On January 3, 2005 the Agreement on additional volumes and conditions of supplies of Turkmen gas for the year of 2005 was signed in Ashgabat. The Agreement was signed by the President of Turkmenistan S. Niyazov and the Chairman of the Board of NJSC "Naftogaz of Ukraine" Y. Boyko. The Agreement envisages supplies of Turkmen gas in the volume of 36 bln cub m in 2005. The main volumes (31,5 bln cub m) will be purchased by "Naftogaz of Ukraine" for the price of $58 over 1,000 cub m on the Turkmenistan-Ukraine border. The payments for the gas will be carried out according to the formula: 50% - by cash ($913 mln); 50% - by goods and equipment supplies ($913). The additional 4,5 bln cub m will be transported for the account of payment for the work and services rendered by Ukrainian companies in investment projects on the territory of Turkmenistan. In the year of 2004 Ukraine received only 1,8 bln cub m of gas for the account of realization of investment projects. In 2005 these supplies will be increased by 2,5 times more.

Source: Interfax-Ukraine 04.01.2005

  • Putin looks forward to Russian-Ukrainian gas partnership.

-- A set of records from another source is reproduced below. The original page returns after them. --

lemma dimension_simple_extension_pth_root:
  assumes K: "subfield K R" and x: "x \<in> carrier R" and xp: "x [^] p \<in> K" and "x \<notin> K"
  shows "dimension p K (simple_extension K x)"
proof -
  interpret UP: domain "poly_ring R"
    by (rule univ_poly_is_domain[OF carrier_is_subring])
  interpret eval_x: ring_hom_ring "poly_ring R" R "\<lambda>q. eval q x"
    by (rule eval_ring_hom[OF carrier_is_subring x])
  interpret eval_0: ring_hom_ring "poly_ring R" R "\<lambda>q. eval q \<zero>"
    by (rule eval_ring_hom[OF carrier_is_subring zero_closed])
  let ?q = "[\<one>, \<ominus> x]" and ?f = "Irr K x"
  have K_ring: "subring K R" using subfieldE(1)[OF K] .
  have x_nonzero: "x \<noteq> \<zero>" using \<open>x \<notin> K\<close> subringE(2)[OF K_ring] by auto
  have q: "?q \<in> carrier (poly_ring R)" "?q \<noteq> []" "degree ?q = 1"
    using x by (auto simp: univ_poly_carrier[symmetric] polynomial_def)
  note alg = pth_root_algebraic[OF K x xp]
  note f = IrrE[OF K x alg]
  have f_R: "?f \<in> carrier (poly_ring R)"
    using f(1) carrier_polynomial[OF K_ring] by (simp add: univ_poly_carrier[symmetric])
  have "eval (?q [^]\<^bsub>poly_ring R\<^esub> p) x = \<zero>"
    using eval_x.hom_nat_pow[OF q(1)] x prime_gt_0_nat[OF prime_p] by (simp add: r_neg nat_pow_zero)
  then have f_dvd: "?f pdivides ?q [^]\<^bsub>poly_ring R\<^esub> p"
    using Irr_minimal[OF K x alg linear_pow_char_mem_univ_poly[OF K x x_nonzero xp]] by simp
  note f_eq = monic_divisor_of_linear_pow[OF x f_R f(3) f_dvd]
  define d where "d = degree ?f"
  have d_pos: "d > 0" using pirreducible_degree[OF K f(1,2)] d_def by simp
  have "d \<le> p"
    using pdivides_imp_degree_le[OF carrier_is_subring f_R UP.nat_pow_closed[OF q(1)]
        polynomial_pow_not_zero[OF q(1,2)] f_dvd]
      polynomial_pow_degree[OF q(1)] q(3) d_def by simp
  moreover have "p dvd d"
  proof (rule pth_root_pow_mem_imp_dvd[OF K _ _ _ _ d_pos])
    show "(\<ominus> x) [^] p \<in> K"
      using frobenius_uminus[OF x] xp subringE(5)[OF K_ring] by simp
    show "\<ominus> x \<notin> K" using \<open>x \<notin> K\<close> subringE(5)[OF K_ring, of "\<ominus> x"] x by auto
    have "eval ?f \<zero> \<in> K"
      using const_term_simprules_shell(1)[OF K_ring f(1)] by (simp add: const_term_def)
    moreover have "eval ?f \<zero> = (\<ominus> x) [^] d"
      using eval_0.hom_nat_pow[OF q(1), of d] f_eq x d_def by simp
    ultimately show "(\<ominus> x) [^] d \<in> K" by simp
  qed (use x in simp)
  ultimately have "d = p" using dvd_imp_le[of p d] d_pos by simp
  then show ?thesis
    using dimension_simple_extension[OF K x alg] d_def by simp
qed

Ever closer contacts will link Russia to Ukraine in the gas sphere, expects Russia side. Last year's Russian gas exports to Western Europe via Ukraine exceeded 100 billion cubic meters. "This year, we are planning to export 112 billion. Ukraine earned $1.5 billion on gas transits. We hope to extend this partnership in the future. The new Ukrainian President, in his turn, thinks his country and Russia ought to join hands for political efforts as a European energy market is emerging. "Russia is unique due to its unique energy potential. Ukraine is unique with unprecedented transport possibilities. All that works for Western consumers, in the final analysis. Proceeding from that, Russia and Ukraine ought to work together for the European energy market to take shape," ? Mr. Yushchenko stressed. The two countries' Governments will be instructed to advance draft initiatives on how to step up partnership, President Putin informed.

Source: RIA Novosti 24.01.2005

  • Tremendous scope exists for Pak-Ukraine cooperation.

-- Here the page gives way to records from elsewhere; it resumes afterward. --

lemma abelian_period_iff_decomposition:
  "abelian_period x h p \<longleftrightarrow>
    (\<exists>u0 ms uk. x = u0 @ concat ms @ uk \<and> abelian_decomposition h p u0 ms uk)"
proof
  assume "abelian_period x h p"
  then obtain us k where "k \<ge> 2" and len: "length us = Suc k" and x: "concat us = x"
    and "length (us ! 0) = h" "length (us ! 1) = p" "parikh_sub (us ! 0) (us ! 1)"
    and mid: "\<forall>i. 1 \<le> i \<and> i < k \<longrightarrow> parikh (us ! i) = parikh (us ! 1)"
    and "parikh_sub (us ! k) (us ! 1)"
    unfolding abelian_period_def by blast
  obtain u0 rest where "us = u0 # rest" using len by (cases us) auto
  moreover from this have "rest \<noteq> []" using len \<open>k \<ge> 2\<close> by auto
  then obtain ms uk where "rest = ms @ [uk]" by (cases rest rule: rev_cases) auto
  ultimately have us: "us = u0 # ms @ [uk]" and lms: "length ms = k - 1"
    using len by auto
  have ms_nth: "us ! Suc j = ms ! j" if "j < k - 1" for j
    using that lms by (simp add: us nth_append)
  have "ms \<noteq> []" using lms \<open>k \<ge> 2\<close> by auto
  then have hd: "hd ms = us ! 1" using ms_nth[of 0] lms \<open>k \<ge> 2\<close> by (simp add: hd_conv_nth)
  have "parikh (ms ! j) = parikh (hd ms)" if "j < length ms" for j
    using mid[rule_format, of "Suc j"] ms_nth[of j] that lms hd by simp
  then have "\<forall>u\<in>set ms. parikh u = parikh (hd ms)" by (auto simp: in_set_conv_nth)
  moreover have "us ! k = uk" using lms \<open>k \<ge> 2\<close> by (simp add: us nth_append)
  ultimately have "abelian_decomposition h p u0 ms uk"
    using \<open>ms \<noteq> []\<close> hd \<open>length (us ! 0) = h\<close> \<open>length (us ! 1) = p\<close> \<open>parikh_sub (us ! 0) (us ! 1)\<close>
      \<open>parikh_sub (us ! k) (us ! 1)\<close>
    by (simp add: abelian_decomposition_def us)
  moreover have "x = u0 @ concat ms @ uk" using x by (simp add: us)
  ultimately show "\<exists>u0 ms uk. x = u0 @ concat ms @ uk \<and> abelian_decomposition h p u0 ms uk"
    by blast
next
  assume "\<exists>u0 ms uk. x = u0 @ concat ms @ uk \<and> abelian_decomposition h p u0 ms uk"
  then obtain u0 ms uk where x: "x = u0 @ concat ms @ uk" and d: "abelian_decomposition h p u0 ms uk"
    by blast
  note decomp = abelian_decompositionD[OF d]
  define us where "us = u0 # ms @ [uk]"
  have us1: "us ! 1 = hd ms" using decomp(2) by (cases ms) (simp_all add: us_def)
  have mid: "parikh (us ! i) = parikh (us ! 1)" if "1 \<le> i" "i < Suc (length ms)" for i
  proof -
    have "us ! i \<in> set ms" using that by (cases i) (simp_all add: us_def nth_append)
    then show ?thesis using decomp(4) us1 by simp
  qed
  have "p \<ge> 1" using decomp(3,5) by (simp add: parikh_sub_def)
  moreover have "us ! Suc (length ms) = uk" by (simp add: us_def nth_append)
  ultimately show "abelian_period x h p"
    unfolding abelian_period_def using decomp(1,2,3,5,6) x us1 mid
    by (intro conjI exI[of _ us] exI[of _ "Suc (length ms)"]) (simp_all add: us_def Suc_le_eq)
qed

lemma abelian_decomposition_lengths:
  assumes "abelian_decomposition h p u0 ms uk"
  shows "\<forall>u\<in>set ms. length u = p" and "length uk < p"
  using abelian_decompositionD(3,6)[OF assms]
    length_eq_if_parikh_eq[OF abelian_decompositionD(4)[OF assms]]
  by (simp_all add: parikh_sub_def)

lemma abelian_decomposition_div_mod:
  assumes x: "x = u0 @ concat ms @ uk" and d: "abelian_decomposition h p u0 ms uk"
  shows "length ms = (length x - h) div p" and "length uk = (length x - h) mod p"
proof -
  have "length x - h = length uk + length ms * p"
    using x abelian_decompositionD(1)[OF d] abelian_decomposition_lengths(1)[OF d]
    by (simp add: length_concat_uniform)
  then show "length ms = (length x - h) div p" "length uk = (length x - h) mod p"
    using abelian_decomposition_lengths(2)[OF d] by simp_all
qed

lemma abelian_decomposition_snoc:
  assumes d: "abelian_decomposition h p u0 ms uk"
    and lt: "count_list uk a < count_list (last ms) a"
  shows "abelian_period (u0 @ concat ms @ uk @ [a]) h p"
proof -
  note decomp = abelian_decompositionD[OF d]
  have "parikh (last ms) = parikh (hd ms)" by (rule decomp(4)[OF last_in_set[OF decomp(2)]])
  then have lt_hd: "count_list uk a < count_list (hd ms) a"
    using lt by (simp add: parikh_def fun_eq_iff)
  have le: "\<forall>c. parikh (uk @ [a]) c \<le> parikh (hd ms) c"
  proof
    fix c
    show "parikh (uk @ [a]) c \<le> parikh (hd ms) c"
      using count_list_le_if_parikh_sub[OF decomp(6), of c] lt_hd
      by (cases "c = a") (simp_all add: parikh_def)
  qed
  consider "length uk + 1 < p" | "length uk + 1 = p"
    using abelian_decomposition_lengths(2)[OF d] by linarith
  then show ?thesis
  proof cases
    case 1
    then have "parikh_sub (uk @ [a]) (hd ms)" using le decomp(3) by (simp add: parikh_sub_def)
    then have "abelian_decomposition h p u0 ms (uk @ [a])"
      using d unfolding abelian_decomposition_def by blast
    then show ?thesis unfolding abelian_period_iff_decomposition by blast
  next
    case 2
    then have "parikh (uk @ [a]) = parikh (hd ms)"
      using parikh_eq_if_le_length_eq[OF le] decomp(3) by simp
    moreover have "hd (ms @ [uk @ [a]]) = hd ms" using decomp(2) by simp
    moreover have "parikh_sub [] (hd ms)" using decomp(3) 2 by (simp add: parikh_sub_def parikh_def)
    ultimately have "abelian_decomposition h p u0 (ms @ [uk @ [a]]) []"
      using decomp(1,2,3,5) unfolding abelian_decomposition_def by (auto dest: decomp(4))
    moreover have "u0 @ concat ms @ uk @ [a] = u0 @ concat (ms @ [uk @ [a]]) @ []" by simp
    ultimately show ?thesis unfolding abelian_period_iff_decomposition by blast
  qed
qed

lemma count_lt_if_abelian_period_snoc:
  assumes w: "w = u0 @ concat ms @ uk" and d: "abelian_decomposition h p u0 ms uk"
    and "abelian_period (w @ [a]) h p"
  shows "count_list uk a < count_list (last ms) a"
proof -
  obtain u0' ms' uk' where w': "w @ [a] = u0' @ concat ms' @ uk'"
    and d': "abelian_decomposition h p u0' ms' uk'"
    using assms(3) unfolding abelian_period_iff_decomposition by blast
  note decomp = abelian_decompositionD[OF d] and decomp' = abelian_decompositionD[OF d']
  note uni = abelian_decomposition_lengths(1)[OF d]
    and uni' = abelian_decomposition_lengths(1)[OF d']
  have blocks: "concat ms' @ uk' = concat ms @ uk @ [a]"
    using w w' decomp(1) decomp'(1) by simp
  have "hd ms' = take p (concat ms' @ uk')"
    using hd_concat_uniform[OF uni' decomp'(2)] length_concat_uniform_ge[OF uni' decomp'(2)]
    by simp
  also have "\<dots> = hd ms"
    using blocks hd_concat_uniform[OF uni decomp(2)] length_concat_uniform_ge[OF uni decomp(2)]
    by simp
  finally have hd_eq: "hd ms' = hd ms" .
  have "length uk' = (length (w @ [a]) - h) mod p"
    by (rule abelian_decomposition_div_mod(2)[OF w' d'])
  moreover have "length uk = (length w - h) mod p"
    by (rule abelian_decomposition_div_mod(2)[OF w d])
  moreover have "length (w @ [a]) - h = Suc (length w - h)" using w decomp(1) by simp
  ultimately have luk': "length uk' = (if Suc (length uk) = p then 0 else Suc (length uk))"
    by (simp add: mod_Suc)
  have "parikh (last ms) = parikh (hd ms')"
    using decomp(4)[OF last_in_set[OF decomp(2)]] hd_eq by simp
  then have last_hd: "count_list (last ms) a = count_list (hd ms') a" by (metis parikh_def)
  show ?thesis
  proof (cases "Suc (length uk) = p")
    case True
    then have "concat ms' = concat ms @ uk @ [a]" using blocks luk' by simp
    then have "last ms' = uk @ [a]"
      using last_concat_uniform[OF uni' decomp'(2)] True by simp
    moreover have "parikh (last ms') = parikh (hd ms')"
      by (rule decomp'(4)[OF last_in_set[OF decomp'(2)]])
    ultimately have "count_list (uk @ [a]) a = count_list (hd ms') a" by (metis parikh_def)
    then show ?thesis using last_hd by simp
  next
    case False
    then have "uk' = uk @ [a]" using blocks luk' by (simp add: append_eq_append_conv)
    then have "count_list (uk @ [a]) a \<le> count_list (hd ms') a"
      using count_list_le_if_parikh_sub[OF decomp'(6)] by blast
    then show ?thesis using last_hd by simp
  qed
qed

Amanullah Khan Jadoon, Federal Minister for Petroleum and Natural Resources of Pakistan, declared that tremendous scope for Pak-Ukraine Cooperation in oil, gas and pipeline projects exists and both countries could benefit from each others experiences for mutual advantage. During the meeting with Ukrainian Ambassador Dr. Igor Polikha the parties discussed the opportunities for Ukrainian investment in the oil, gas, pipeline projects besides participation in the privatization of state owned units. Jadoon noted that the Government has deregulated the petroleum sector and privatization of state owned oil and gas units were in process. The Minister briefed the Ukrainian envoy about the ongoing and upcoming development activities in Pakistan's oil and gas sectors and salient features of incentives being offered to the investors in offshore and onshore exploration. Both the sides agreed the frequent exchange of delegations between the two countries would open up new avenues for multi dimensional cooperation particularly in the oil, gas and mineral fields for the mutual advantage.